Collected data entries
(* The Grötzsch graph $M(C_5)$ has odd girth $5$ and admits an orientation in which every $5$-cycle (i.e., every shortest odd cycle) is alternating.
   Context: For a graph $G$, the Mycielskian $M(G)$ has vertex set $\{(v,0),(v,1):v\in V(G)\}\cup\{z\}$, with $(u,i)$ adjacent to $(v,j)$ iff $\{u,v\}\in E(G)$ and ($|i-j|=1$ or $i=j=0$), and $z$ adjacent to every $(v,1)$. The Grötzsch graph is $M(C_5)$. The odd girth is the length of a shortest odd cycle. An orientation assigns each edge exactly one direction. In an oriented graph, a subgraph that is a cycle is called alternating if at most one of its vertices has both positive in-degree and positive out-degree within that cycle. *)

theory Defs
  imports Main
begin

text \<open>Simple graphs are given by a vertex set V and a set E of edges,
each edge being a 2-element set of vertices.\<close>

datatype 'a mvert = MV 'a nat | MZ

definition mycielski_V :: "'a set \<Rightarrow> 'a mvert set" where
  "mycielski_V V = {MV v i | v i. v \<in> V \<and> i \<in> {0, 1}} \<union> {MZ}"

definition mycielski_E :: "'a set \<Rightarrow> 'a set set \<Rightarrow> 'a mvert set set" where
  "mycielski_E V E =
     {{MV u i, MV v j} | u v i j. {u, v} \<in> E \<and> i \<in> {0, 1} \<and> j \<in> {0, 1} \<and>
         ((i = 0 \<and> j = 1) \<or> (i = 1 \<and> j = 0) \<or> (i = 0 \<and> j = 0))}
     \<union> {{MZ, MV v 1} | v. v \<in> V}"

definition C5_V :: "nat set" where
  "C5_V = {0..<5}"

definition C5_E :: "nat set set" where
  "C5_E = {{i, (i + 1) mod 5} | i. i < 5}"

definition groetzsch_V :: "nat mvert set" where
  "groetzsch_V = mycielski_V C5_V"

definition groetzsch_E :: "nat mvert set set" where
  "groetzsch_E = mycielski_E C5_V C5_E"

definition is_cycle :: "'v set \<Rightarrow> 'v set set \<Rightarrow> 'v list \<Rightarrow> bool" where
  "is_cycle V E cs \<longleftrightarrow> length cs \<ge> 3 \<and> distinct cs \<and> set cs \<subseteq> V \<and>
     (\<forall>i < length cs. {cs ! i, cs ! ((i + 1) mod length cs)} \<in> E)"

definition odd_girth :: "'v set \<Rightarrow> 'v set set \<Rightarrow> nat" where
  "odd_girth V E = (LEAST k. odd k \<and> (\<exists>cs. is_cycle V E cs \<and> length cs = k))"

definition is_orientation :: "'v set set \<Rightarrow> ('v \<times> 'v) set \<Rightarrow> bool" where
  "is_orientation E D \<longleftrightarrow> (\<forall>(u, v) \<in> D. {u, v} \<in> E) \<and>
     (\<forall>u v. {u, v} \<in> E \<longrightarrow> ((u, v) \<in> D \<longleftrightarrow> (v, u) \<notin> D))"

text \<open>Within the cycle cs, vertex cs!i has the two cycle neighbours
cs!((i+k-1) mod k) and cs!((i+1) mod k).\<close>

definition cyc_in_pos :: "('v \<times> 'v) set \<Rightarrow> 'v list \<Rightarrow> nat \<Rightarrow> bool" where
  "cyc_in_pos D cs i \<longleftrightarrow> (let k = length cs; x = cs ! i in
     (cs ! ((i + k - 1) mod k), x) \<in> D \<or> (cs ! ((i + 1) mod k), x) \<in> D)"

definition cyc_out_pos :: "('v \<times> 'v) set \<Rightarrow> 'v list \<Rightarrow> nat \<Rightarrow> bool" where
  "cyc_out_pos D cs i \<longleftrightarrow> (let k = length cs; x = cs ! i in
     (x, cs ! ((i + k - 1) mod k)) \<in> D \<or> (x, cs ! ((i + 1) mod k)) \<in> D)"

definition alternating :: "('v \<times> 'v) set \<Rightarrow> 'v list \<Rightarrow> bool" where
  "alternating D cs \<longleftrightarrow>
     card {i. i < length cs \<and> cyc_in_pos D cs i \<and> cyc_out_pos D cs i} \<le> 1"

end

theory Submission
  imports Defs
begin

(* The outer 5-cycle of M(C5) bounds the odd girth by 5, and a search through the
   neighbour lists shows that the graph is triangle-free.  For the orientation, number the
   eleven vertices and direct every edge towards its endpoint with the larger number.  On a
   cycle a vertex then has both an in-arc and an out-arc exactly when its number lies
   strictly between the numbers of its two cycle neighbours, so the cycle is alternating
   iff this happens at most once.  For the numbering groetzsch_rank this is checked on
   every closed walk of length 5 with distinct vertices. *)

lemma is_cycle_length_3_iff:
  "is_cycle V E [a, b, c] \<longleftrightarrow>
     distinct [a, b, c] \<and> {a, b, c} \<subseteq> V \<and> {a, b} \<in> E \<and> {b, c} \<in> E \<and> {c, a} \<in> E"
  by (simp add: is_cycle_def All_less_Suc) blast

lemma is_cycle_length_5_iff:
  "is_cycle V E [a, b, c, d, e] \<longleftrightarrow>
     distinct [a, b, c, d, e] \<and> {a, b, c, d, e} \<subseteq> V \<and>
     {a, b} \<in> E \<and> {b, c} \<in> E \<and> {c, d} \<in> E \<and> {d, e} \<in> E \<and> {e, a} \<in> E"
  by (simp add: is_cycle_def All_less_Suc) blast

lemma odd_girth_eq_5I:
  assumes "is_cycle V E cs" "length cs = 5"
    and "\<And>a b c. \<not> is_cycle V E [a, b, c]"
  shows "odd_girth V E = 5"
  unfolding odd_girth_def
proof (rule Least_equality)
  show "odd (5::nat) \<and> (\<exists>cs. is_cycle V E cs \<and> length cs = 5)"
    using assms(1,2) by auto
next
  fix k :: nat
  assume "odd k \<and> (\<exists>cs. is_cycle V E cs \<and> length cs = k)"
  then obtain cs' where k: "odd k" and cs': "is_cycle V E cs'" "length cs' = k" by blast
  have "k \<noteq> 3"
  proof
    assume "k = 3"
    then obtain a b c where "cs' = [a, b, c]"
      using cs'(2) by (auto simp: length_Suc_conv numeral_eq_Suc)
    with cs'(1) assms(3) show False by blast
  qed
  moreover have "k \<ge> 3" using cs' by (simp add: is_cycle_def)
  ultimately show "5 \<le> k" using k by presburger
qed

fun mycielski_nbrs :: "'a list \<Rightarrow> ('a \<Rightarrow> 'a list) \<Rightarrow> 'a mvert \<Rightarrow> 'a mvert list" where
  "mycielski_nbrs vs N MZ = map (\<lambda>v. MV v 1) vs"
| "mycielski_nbrs vs N (MV v i) =
     map (\<lambda>u. MV u 0) (N v) @ (if i = 0 then map (\<lambda>u. MV u 1) (N v) else [MZ])"

lemma mycielski_V_set:
  "mycielski_V (set vs) = set (MZ # map (\<lambda>v. MV v 0) vs @ map (\<lambda>v. MV v 1) vs)"
  unfolding mycielski_V_def by auto

lemma mycielski_E_MV_MV_iff:
  "{MV u i, MV v j} \<in> mycielski_E V E \<longleftrightarrow> {u, v} \<in> E \<and> (i, j) \<in> {(0, 0), (0, 1), (1, 0)}"
  unfolding mycielski_E_def by (auto simp: doubleton_eq_iff insert_commute)

lemma mycielski_E_MZ_iff:
  "{MZ, MV v i} \<in> mycielski_E V E \<longleftrightarrow> v \<in> V \<and> i = 1"
  unfolding mycielski_E_def by (auto simp: doubleton_eq_iff)

lemma mycielski_E_MZ_MZ: "{MZ} \<notin> mycielski_E V E"
  unfolding mycielski_E_def by (auto simp: doubleton_eq_iff)

lemma mycielski_edge_iff:
  assumes vs: "set vs = V"
    and N: "\<And>u v. u \<in> V \<Longrightarrow> {u, v} \<in> E \<longleftrightarrow> v \<in> set (N u)"
    and x: "x \<in> mycielski_V V"
  shows "{x, y} \<in> mycielski_E V E \<longleftrightarrow> y \<in> set (mycielski_nbrs vs N x)"
proof -
  have MZ_first: "{MV v i, MZ} = {MZ, MV v i}" for v :: 'a and i by blast
  show ?thesis
    using x vs unfolding mycielski_V_def
    by (cases y) (auto simp: MZ_first mycielski_E_MV_MV_iff mycielski_E_MZ_iff mycielski_E_MZ_MZ N)
qed

lemma mycielski_edge_subset:
  assumes "\<And>e. e \<in> E \<Longrightarrow> e \<subseteq> V" "e \<in> mycielski_E V E"
  shows "e \<subseteq> mycielski_V V"
  using assms unfolding mycielski_E_def mycielski_V_def by blast

definition rank_orientation :: "('v \<Rightarrow> 'a::linorder) \<Rightarrow> 'v set set \<Rightarrow> ('v \<times> 'v) set" where
  "rank_orientation r E = {(u, v). {u, v} \<in> E \<and> r u < r v}"

lemma is_orientation_rank_orientation:
  assumes "\<And>u v. {u, v} \<in> E \<Longrightarrow> r u \<noteq> r v"
  shows "is_orientation E (rank_orientation r E)"
  using assms unfolding is_orientation_def rank_orientation_def
  by (auto simp: insert_commute) (metis linorder_neqE)

definition strictly_between :: "'a::linorder \<Rightarrow> 'a \<Rightarrow> 'a \<Rightarrow> bool" where
  "strictly_between x y z \<longleftrightarrow> x < y \<and> y < z \<or> z < y \<and> y < x"

definition strictly_monotone_at :: "('v \<Rightarrow> 'a::linorder) \<Rightarrow> 'v list \<Rightarrow> nat \<Rightarrow> bool" where
  "strictly_monotone_at r cs i \<longleftrightarrow> (let k = length cs in
     strictly_between (r (cs ! ((i + k - 1) mod k))) (r (cs ! i)) (r (cs ! ((i + 1) mod k))))"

#### Task:
The response must contain each line above that holds the string "bool".

#### Answer for this exercise:
definition is_cycle :: "'v set \<Rightarrow> 'v set set \<Rightarrow> 'v list \<Rightarrow> bool" where
definition is_orientation :: "'v set set \<Rightarrow> ('v \<times> 'v) set \<Rightarrow> bool" where
definition cyc_in_pos :: "('v \<times> 'v) set \<Rightarrow> 'v list \<Rightarrow> nat \<Rightarrow> bool" where
definition cyc_out_pos :: "('v \<times> 'v) set \<Rightarrow> 'v list \<Rightarrow> nat \<Rightarrow> bool" where
definition alternating :: "('v \<times> 'v) set \<Rightarrow> 'v list \<Rightarrow> bool" where
definition strictly_between :: "'a::linorder \<Rightarrow> 'a \<Rightarrow> 'a \<Rightarrow> bool" where
definition strictly_monotone_at :: "('v \<Rightarrow> 'a::linorder) \<Rightarrow> 'v list \<Rightarrow> nat \<Rightarrow> bool" where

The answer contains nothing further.